Another issue is how to vet the outputs and actions taken by an agent. When automating actions, creating programs, or calling external API services, how do you know that the action has been executed correctly? Particularly if you aren't an expert on the actual action being taken. I've previously written that ways to perform hands-off verification are crucial to working with any automation system. That is even more important now as agents/programs/applications are built upon GPT systems known to hallucinate (make errors). Would you feel comfortable setting one up to buy things or make payments for you? Would you want a system to accidentally pay someone $5,000 instead of the requested $50? At the moment, the controls and verifications are not in place to ensure that extra quantities aren't purchased or that a value isn't fat fingered.
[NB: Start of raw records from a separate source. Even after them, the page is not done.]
lemma nrm_power_diff_le:
  assumes "nrm w \<le> 1" "nrm v \<le> 1"
  shows "nrm (w ^ n - v ^ n) \<le> nrm (w - v)"
proof (induction n)
  case (Suc n)
  have "w ^ Suc n - v ^ Suc n = w * (w ^ n - v ^ n) + (w - v) * v ^ n"
    by (simp add: algebra_simps)
  moreover have "nrm (w * (w ^ n - v ^ n)) \<le> nrm (w - v)"
    using Suc assms nrm_nonneg by (simp add: nrm_mult) (metis mult_left_le_one_le order_trans)
  moreover have "nrm ((w - v) * v ^ n) \<le> nrm (w - v)"
    using assms nrm_nonneg by (simp add: nrm_mult nrm_power mult_right_le_one_le power_le_one)
  ultimately show ?case
    using nrm_add_le_max[of "w * (w ^ n - v ^ n)" "(w - v) * v ^ n"] by simp
qed (simp add: nrm_nonneg)

lemma nrm_power_diff_linear_le:
  assumes w: "nrm (w - 1) \<le> t" and v: "nrm (v - 1) \<le> t" and "t \<le> 1"
  shows "nrm (w ^ n - v ^ n - of_nat n * (w - v)) \<le> t * nrm (w - v)"
proof (induction n)
  case 0
  show ?case
    using w nrm_nonneg[of "w - 1"] nrm_nonneg[of "w - v"] by simp
next
  case (Suc n)
  have w1: "nrm w \<le> 1" and v1: "nrm v \<le> 1"
    using w v \<open>t \<le> 1\<close> nrm_le_one_if_diff_one_le by auto
  have "w ^ Suc n - v ^ Suc n - of_nat (Suc n) * (w - v) =
      w * (w ^ n - v ^ n - of_nat n * (w - v)) + (of_nat n * (w - 1) * (w - v) + (v ^ n - 1) * (w - v))"
    by (simp add: algebra_simps)
  moreover have "nrm (w * (w ^ n - v ^ n - of_nat n * (w - v))) \<le> t * nrm (w - v)"
    using Suc w1 nrm_nonneg by (simp add: nrm_mult) (metis mult_left_le_one_le order_trans)
  moreover have "nrm (of_nat n * (w - 1) * (w - v)) \<le> t * nrm (w - v)"
  proof -
    have "nrm (of_nat n * (w - 1)) \<le> t"
      using nrm_of_nat_le_one[of n] w nrm_nonneg
      by (simp add: nrm_mult) (metis mult_le_one mult_left_le_one_le order_trans)
    then show ?thesis
      by (simp add: nrm_mult mult_right_mono nrm_nonneg)
  qed
  moreover have "nrm ((v ^ n - 1) * (w - v)) \<le> t * nrm (w - v)"
  proof -
    have "nrm (v ^ n - 1 ^ n) \<le> t"
      using nrm_power_diff_le[OF v1, of 1 n] v by simp
    then show ?thesis
      by (simp add: nrm_mult mult_right_mono nrm_nonneg)
  qed
  ultimately show ?case
    using nrm_add_le_max[of "w * (w ^ n - v ^ n - of_nat n * (w - v))"
        "of_nat n * (w - 1) * (w - v) + (v ^ n - 1) * (w - v)"]
      nrm_add_le_max[of "of_nat n * (w - 1) * (w - v)" "(v ^ n - 1) * (w - v)"]
    by simp
qed

lemma unit_discs_disjoint: "{z. nrm z < 1} \<inter> {z. nrm (z - 1) < 1} = {}"
proof -
  have "\<not> (nrm z < 1 \<and> nrm (z - 1) < 1)" for z
    using nrm_diff_le_max[of z "z - 1"] by auto
  then show ?thesis
    by blast
qed

context
  fixes r :: real and a :: "nat \<Rightarrow> 'a"
  assumes conv: "ps_conv_on nrm r a"
begin

lemma ps_coeff_le_ps_norm: "nrm (a i) * r ^ i \<le> ps_norm nrm r a"
proof -
  have "convergent (\<lambda>i. nrm (a i) * r ^ i)"
    using conv unfolding ps_conv_on_def convergent_def by blast
  then have "bdd_above (range (\<lambda>i. nrm (a i) * r ^ i))"
    by (intro Bseq_bdd_above convergent_imp_Bseq)
  then show ?thesis
    unfolding ps_norm_def by (rule cSUP_upper[rotated]) simp
qed

lemma ps_norm_nonneg: "0 \<le> ps_norm nrm r a"
  using ps_coeff_le_ps_norm[of 0] nrm_nonneg[of "a 0"] by simp

lemma ps_term_le:
  assumes "nrm z \<le> r"
  shows "nrm (a i * z ^ i) \<le> nrm (a i) * r ^ i"
  using assms nrm_nonneg by (auto simp: nrm_mult nrm_power intro!: mult_left_mono power_mono)

lemma ps_eval_tendsto:
  assumes "nrm z \<le> r"
  shows "(\<lambda>n. nrm ((\<Sum>i<n. a i * z ^ i) - ps_eval nrm a z)) \<longlonglongrightarrow> 0"
proof -
  have "(\<lambda>i. nrm (a i * z ^ i)) \<longlonglongrightarrow> 0"
    using conv ps_term_le[OF assms] unfolding ps_conv_on_def by (rule nrm_tendsto_zero_if_le)
  then obtain L where L: "(\<lambda>n. nrm ((\<Sum>i<n. a i * z ^ i) - L)) \<longlonglongrightarrow> 0"
    using nrm_summable[of "\<lambda>i. a i * z ^ i"] by blast
  moreover have "ps_eval nrm a z = L"
    unfolding ps_eval_def using L by (rule the_equality) (rule nrm_limit_unique[OF _ L])
  ultimately show ?thesis by simp
qed

lemma ps_eval_le_ps_norm:
  assumes "nrm z \<le> r"
  shows "nrm (ps_eval nrm a z) \<le> ps_norm nrm r a"
  using ps_eval_tendsto[OF assms]
proof (rule nrm_limit_le)
  show "nrm (\<Sum>i<n. a i * z ^ i) \<le> ps_norm nrm r a" for n
    using order_trans[OF ps_term_le[OF assms] ps_coeff_le_ps_norm] ps_norm_nonneg
    by (rule nrm_sum_le)
qed

lemma ps_eval_lipschitz:
  assumes "1 \<le> r" and w: "nrm w \<le> 1" and v: "nrm v \<le> 1"
  shows "nrm (ps_eval nrm a w - ps_eval nrm a v) \<le> ps_norm nrm r a * nrm (w - v)"
proof -
  let ?S = "\<lambda>z n. \<Sum>i<n. a i * z ^ i"
  have coeff: "nrm (a i) \<le> ps_norm nrm r a" for i
  proof -
    have "nrm (a i) * 1 \<le> nrm (a i) * r ^ i"
      using \<open>1 \<le> r\<close> nrm_nonneg[of "a i"] by (intro mult_left_mono one_le_power) auto
    then show ?thesis
      using ps_coeff_le_ps_norm[of i] by simp
  qed
  have "(\<lambda>n. nrm (?S w n - ps_eval nrm a w) + nrm (?S v n - ps_eval nrm a v)) \<longlonglongrightarrow> 0"
    using tendsto_add[OF ps_eval_tendsto ps_eval_tendsto] w v \<open>1 \<le> r\<close> by simp
  then have "(\<lambda>n. nrm ((?S w n - ?S v n) - (ps_eval nrm a w - ps_eval nrm a v))) \<longlonglongrightarrow> 0"
  proof (rule nrm_tendsto_zero_if_le)
    show "nrm ((?S w n - ?S v n) - (ps_eval nrm a w - ps_eval nrm a v))
        \<le> nrm (?S w n - ps_eval nrm a w) + nrm (?S v n - ps_eval nrm a v)" for n
      using nrm_diff_le_max[of "?S w n - ps_eval nrm a w" "?S v n - ps_eval nrm a v"]
        nrm_nonneg[of "?S w n - ps_eval nrm a w"] nrm_nonneg[of "?S v n - ps_eval nrm a v"]
      by (simp add: algebra_simps)
  qed
  then show ?thesis
  proof (rule nrm_limit_le)
    fix n
    have "?S w n - ?S v n = (\<Sum>i<n. a i * (w ^ i - v ^ i))"
      by (simp add: sum_subtractf algebra_simps)
    also have "nrm \<dots> \<le> ps_norm nrm r a * nrm (w - v)"
    proof (rule nrm_sum_le)
      show "nrm (a i * (w ^ i - v ^ i)) \<le> ps_norm nrm r a * nrm (w - v)" for i
        unfolding nrm_mult
        by (rule mult_mono[OF coeff nrm_power_diff_le[OF w v] ps_norm_nonneg nrm_nonneg])
      show "0 \<le> ps_norm nrm r a * nrm (w - v)"
        by (simp add: ps_norm_nonneg nrm_nonneg)
    qed
    finally show "nrm (?S w n - ?S v n) \<le> ps_norm nrm r a * nrm (w - v)" .
  qed
qed

end

end

lemma Pfam_factor: "Pfam p lam w = w ^ p * (w + lam / of_nat p * (1 - w))"
proof -
  have "mu * w ^ p + (1 - mu) * w ^ (p + 1) = w ^ p * (w + mu * (1 - w))" for mu :: 'a
    by (simp add: algebra_simps)
  then show ?thesis
    unfolding Pfam_def .
qed

lemma Pfam_diff_linear:
  "Pfam p lam w - Pfam p lam v - (1 + (of_nat p - lam / of_nat p)) * (w - v) =
     lam / of_nat p * (w ^ p - v ^ p - of_nat p * (w - v)) +
     (1 - lam / of_nat p) * (w ^ (p + 1) - v ^ (p + 1) - of_nat (p + 1) * (w - v))"
proof -
  have "mu * w ^ p + (1 - mu) * w ^ (p + 1) - (mu * v ^ p + (1 - mu) * v ^ (p + 1))
      - (1 + (n - mu)) * (w - v) =
      mu * (w ^ p - v ^ p - n * (w - v)) + (1 - mu) * (w ^ (p + 1) - v ^ (p + 1) - (n + 1) * (w - v))"
    for mu n :: 'a
    by (simp add: algebra_simps)
  from this[of "lam / of_nat p" "of_nat p"] show ?thesis
    unfolding Pfam_def by (simp only: of_nat_add of_nat_1)
qed

lemma newton_step_diff:
  fixes c :: "'a::field"
  assumes "c \<noteq> 0"
  shows "(w - (Pw + Qw - w) / c) - (v - (Pv + Qv - v) / c) = - ((Pw - Pv - (1 + c) * (w - v)) + (Qw - Qv)) / c"
  using assms by (simp add: field_simps)

locale perturbed_family = nonarch_field nrm for nrm :: "'a::field_char_0 \<Rightarrow> real" +
  fixes p :: nat and rhat :: real and a :: "nat \<Rightarrow> 'a" and lam :: 'a
  assumes p_ge_2: "2 \<le> p" and nrm_p: "nrm (of_nat p) = 1 / real p"
    and conv: "ps_conv_on nrm rhat a" and rhat_ge_1: "1 \<le> rhat"
    and ps_norm_less_1: "ps_norm nrm rhat a < 1" and lam_near_1: "nrm (lam - 1) < 1"
begin

abbreviation "Q \<equiv> ps_eval nrm a"
abbreviation "K \<equiv> ps_norm nrm rhat a"
abbreviation "rad \<equiv> nrm (Q 1) / real p"

text \<open>\<open>c = P\<^sub>\<lambda>'(1) - 1\<close>, so \<open>newton\<close> is a Newton-type map whose fixed points are those of
  \<open>P\<^sub>\<lambda> + Q\<close>.\<close>

abbreviation "c \<equiv> of_nat p - lam / of_nat p"
abbreviation "newton w \<equiv> w - (Pfam p lam w + Q w - w) / c"

lemma nrm_lam: "nrm lam = 1"
  using nrm_add_eq_left[of "lam - 1" 1] lam_near_1 by simp

lemma nrm_lam_div_p: "nrm (lam / of_nat p) = real p"
  using nrm_lam nrm_p p_ge_2 by (simp add: nrm_divide)

lemma nrm_one_minus_lam_div_p: "nrm (1 - lam / of_nat p) = real p"
  using nrm_add_eq_right[of 1 "- (lam / of_nat p)"] nrm_lam_div_p p_ge_2 by simp

lemma nrm_c: "nrm c = real p"
proof -
  have "1 / real p \<le> 1" "1 < real p"
    using p_ge_2 by simp_all
  then have "1 / real p < real p"
    by linarith
  then show ?thesis
    using nrm_add_eq_right[of "of_nat p" "- (lam / of_nat p)"] nrm_lam_div_p nrm_p by simp
qed

lemma c_nonzero: "c \<noteq> 0"
  using nrm_c p_ge_2 by force

lemma rad_nonneg: "0 \<le> rad"
  by (simp add: nrm_nonneg)

lemma p_rad_le: "real p * rad \<le> K"
  using ps_eval_le_ps_norm[OF conv, of 1] rhat_ge_1 p_ge_2 by simp

lemma rad_less_1: "rad < 1"
proof -
  have "1 * rad \<le> real p * rad"
    using p_ge_2 rad_nonneg by (intro mult_right_mono) simp_all
  then show ?thesis
    using p_rad_le ps_norm_less_1 by simp
qed

lemma newton_lipschitz:
  assumes w: "nrm (w - 1) \<le> rad" and v: "nrm (v - 1) \<le> rad"
  shows "nrm (newton w - newton v) \<le> K / real p * nrm (w - v)"
proof -
  let ?d = "nrm (w - v)"
  let ?A = "lam / of_nat p * (w ^ p - v ^ p - of_nat p * (w - v))"
  let ?B = "(1 - lam / of_nat p) * (w ^ (p + 1) - v ^ (p + 1) - of_nat (p + 1) * (w - v))"
  have "rad \<le> 1"
    using rad_less_1 by simp
  have "real p * (rad * ?d) \<le> K * ?d"
    unfolding mult.assoc[symmetric] by (rule mult_right_mono[OF p_rad_le nrm_nonneg])
  moreover have "nrm ?A \<le> real p * (rad * ?d)"
    unfolding nrm_mult nrm_lam_div_p
    by (rule mult_left_mono[OF nrm_power_diff_linear_le[OF w v \<open>rad \<le> 1\<close>]]) simp
  moreover have "nrm ?B \<le> real p * (rad * ?d)"
    unfolding nrm_mult nrm_one_minus_lam_div_p
    by (rule mult_left_mono[OF nrm_power_diff_linear_le[OF w v \<open>rad \<le> 1\<close>]]) simp
  moreover have "nrm (Q w - Q v) \<le> K * ?d"
    using ps_eval_lipschitz[OF conv rhat_ge_1] w v \<open>rad \<le> 1\<close> nrm_le_one_if_diff_one_le by auto
  ultimately have "nrm (?A + ?B + (Q w - Q v)) \<le> K * ?d"
    using nrm_add_le_max[of "?A + ?B" "Q w - Q v"] nrm_add_le_max[of ?A ?B] by simp
  moreover have "nrm (newton w - newton v) = nrm (?A + ?B + (Q w - Q v)) / real p"
    unfolding newton_step_diff[OF c_nonzero] Pfam_diff_linear by (simp only: nrm_divide nrm_minus nrm_c)
  ultimately show ?thesis
    by (simp add: divide_right_mono)
qed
This issue extends to even low risk things like sending emails or creating alerts.
Looking ahead to the near future, an explosion of applications are going to be built on top of GPTs. That means GPT type systems will act more as a layer in the application stack, providing generalized functionality to applications built on top of them. However, the work to refine the application beyond a proof of concept will still take a large amount of effort. Additionally, new methods for verifying the outputs of the GPT layer will emerge as their own secondary layer. Roles will emerge that deal with shaping personality and language interactions of applications built on top of the GPT layer. An exciting future lies ahead as we find ways to augment the world around us.